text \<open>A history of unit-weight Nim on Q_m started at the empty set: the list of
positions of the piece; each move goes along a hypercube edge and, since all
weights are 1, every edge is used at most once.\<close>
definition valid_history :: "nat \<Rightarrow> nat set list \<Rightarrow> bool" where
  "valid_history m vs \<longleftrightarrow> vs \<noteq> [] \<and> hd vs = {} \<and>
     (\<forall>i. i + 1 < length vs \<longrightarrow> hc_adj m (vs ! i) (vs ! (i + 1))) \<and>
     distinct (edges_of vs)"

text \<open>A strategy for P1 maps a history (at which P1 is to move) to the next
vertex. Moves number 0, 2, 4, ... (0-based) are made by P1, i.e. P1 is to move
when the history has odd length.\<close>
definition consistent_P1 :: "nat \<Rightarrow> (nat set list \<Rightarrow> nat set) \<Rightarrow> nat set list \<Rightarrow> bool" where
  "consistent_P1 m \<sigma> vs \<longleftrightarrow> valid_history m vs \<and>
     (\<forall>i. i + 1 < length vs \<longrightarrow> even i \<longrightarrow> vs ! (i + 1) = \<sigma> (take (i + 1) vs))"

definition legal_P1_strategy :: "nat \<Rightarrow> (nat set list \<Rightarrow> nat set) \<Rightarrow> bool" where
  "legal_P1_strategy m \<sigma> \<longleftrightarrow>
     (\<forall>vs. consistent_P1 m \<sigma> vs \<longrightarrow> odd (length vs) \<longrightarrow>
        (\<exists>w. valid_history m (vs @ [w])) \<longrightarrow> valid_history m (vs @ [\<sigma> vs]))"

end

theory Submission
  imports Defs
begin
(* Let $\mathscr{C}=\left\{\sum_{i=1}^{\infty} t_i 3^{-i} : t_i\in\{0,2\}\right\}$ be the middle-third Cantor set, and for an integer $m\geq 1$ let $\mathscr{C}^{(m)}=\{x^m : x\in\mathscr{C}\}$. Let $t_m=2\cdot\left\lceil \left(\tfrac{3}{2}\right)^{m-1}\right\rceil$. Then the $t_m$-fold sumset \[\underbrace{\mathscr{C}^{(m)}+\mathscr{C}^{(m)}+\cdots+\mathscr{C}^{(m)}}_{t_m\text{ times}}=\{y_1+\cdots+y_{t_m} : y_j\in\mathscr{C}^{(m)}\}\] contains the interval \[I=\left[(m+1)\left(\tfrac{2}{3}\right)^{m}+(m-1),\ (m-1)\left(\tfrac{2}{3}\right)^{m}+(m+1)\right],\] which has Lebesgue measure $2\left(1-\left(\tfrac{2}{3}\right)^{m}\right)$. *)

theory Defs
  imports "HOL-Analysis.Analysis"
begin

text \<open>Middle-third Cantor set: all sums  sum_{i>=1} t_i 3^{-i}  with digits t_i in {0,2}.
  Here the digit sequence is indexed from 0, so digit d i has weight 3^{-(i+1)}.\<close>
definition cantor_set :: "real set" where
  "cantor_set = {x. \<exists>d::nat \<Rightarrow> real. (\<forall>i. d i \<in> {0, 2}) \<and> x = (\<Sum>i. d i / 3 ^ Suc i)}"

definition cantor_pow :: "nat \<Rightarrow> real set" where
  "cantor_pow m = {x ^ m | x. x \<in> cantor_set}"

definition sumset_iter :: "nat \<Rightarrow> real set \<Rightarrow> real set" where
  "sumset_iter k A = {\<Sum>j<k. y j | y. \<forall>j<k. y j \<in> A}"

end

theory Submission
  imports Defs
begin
• • •
#### Task instructions:
Each record above has to be repeated word for word.

#### Reply:
text \<open>A history of unit-weight Nim on Q_m started at the empty set: the list of
positions of the piece; each move goes along a hypercube edge and, since all
weights are 1, every edge is used at most once.\<close>
definition valid_history :: "nat \<Rightarrow> nat set list \<Rightarrow> bool" where
  "valid_history m vs \<longleftrightarrow> vs \<noteq> [] \<and> hd vs = {} \<and>
     (\<forall>i. i + 1 < length vs \<longrightarrow> hc_adj m (vs ! i) (vs ! (i + 1))) \<and>
     distinct (edges_of vs)"

text \<open>A strategy for P1 maps a history (at which P1 is to move) to the next
vertex. Moves number 0, 2, 4, ... (0-based) are made by P1, i.e. P1 is to move
when the history has odd length.\<close>
definition consistent_P1 :: "nat \<Rightarrow> (nat set list \<Rightarrow> nat set) \<Rightarrow> nat set list \<Rightarrow> bool" where
  "consistent_P1 m \<sigma> vs \<longleftrightarrow> valid_history m vs \<and>
     (\<forall>i. i + 1 < length vs \<longrightarrow> even i \<longrightarrow> vs ! (i + 1) = \<sigma> (take (i + 1) vs))"

definition legal_P1_strategy :: "nat \<Rightarrow> (nat set list \<Rightarrow> nat set) \<Rightarrow> bool" where
  "legal_P1_strategy m \<sigma> \<longleftrightarrow>
     (\<forall>vs. consistent_P1 m \<sigma> vs \<longrightarrow> odd (length vs) \<longrightarrow>
        (\<exists>w. valid_history m (vs @ [w])) \<longrightarrow> valid_history m (vs @ [\<sigma> vs]))"

end

theory Submission
  imports Defs
begin
(* Let $\mathscr{C}=\left\{\sum_{i=1}^{\infty} t_i 3^{-i} : t_i\in\{0,2\}\right\}$ be the middle-third Cantor set, and for an integer $m\geq 1$ let $\mathscr{C}^{(m)}=\{x^m : x\in\mathscr{C}\}$. Let $t_m=2\cdot\left\lceil \left(\tfrac{3}{2}\right)^{m-1}\right\rceil$. Then the $t_m$-fold sumset \[\underbrace{\mathscr{C}^{(m)}+\mathscr{C}^{(m)}+\cdots+\mathscr{C}^{(m)}}_{t_m\text{ times}}=\{y_1+\cdots+y_{t_m} : y_j\in\mathscr{C}^{(m)}\}\] contains the interval \[I=\left[(m+1)\left(\tfrac{2}{3}\right)^{m}+(m-1),\ (m-1)\left(\tfrac{2}{3}\right)^{m}+(m+1)\right],\] which has Lebesgue measure $2\left(1-\left(\tfrac{2}{3}\right)^{m}\right)$. *)

theory Defs
  imports "HOL-Analysis.Analysis"
begin

text \<open>Middle-third Cantor set: all sums  sum_{i>=1} t_i 3^{-i}  with digits t_i in {0,2}.
  Here the digit sequence is indexed from 0, so digit d i has weight 3^{-(i+1)}.\<close>
definition cantor_set :: "real set" where
  "cantor_set = {x. \<exists>d::nat \<Rightarrow> real. (\<forall>i. d i \<in> {0, 2}) \<and> x = (\<Sum>i. d i / 3 ^ Suc i)}"

definition cantor_pow :: "nat \<Rightarrow> real set" where
  "cantor_pow m = {x ^ m | x. x \<in> cantor_set}"

definition sumset_iter :: "nat \<Rightarrow> real set \<Rightarrow> real set" where
  "sumset_iter k A = {\<Sum>j<k. y j | y. \<forall>j<k. y j \<in> A}"

end

theory Submission
  imports Defs
begin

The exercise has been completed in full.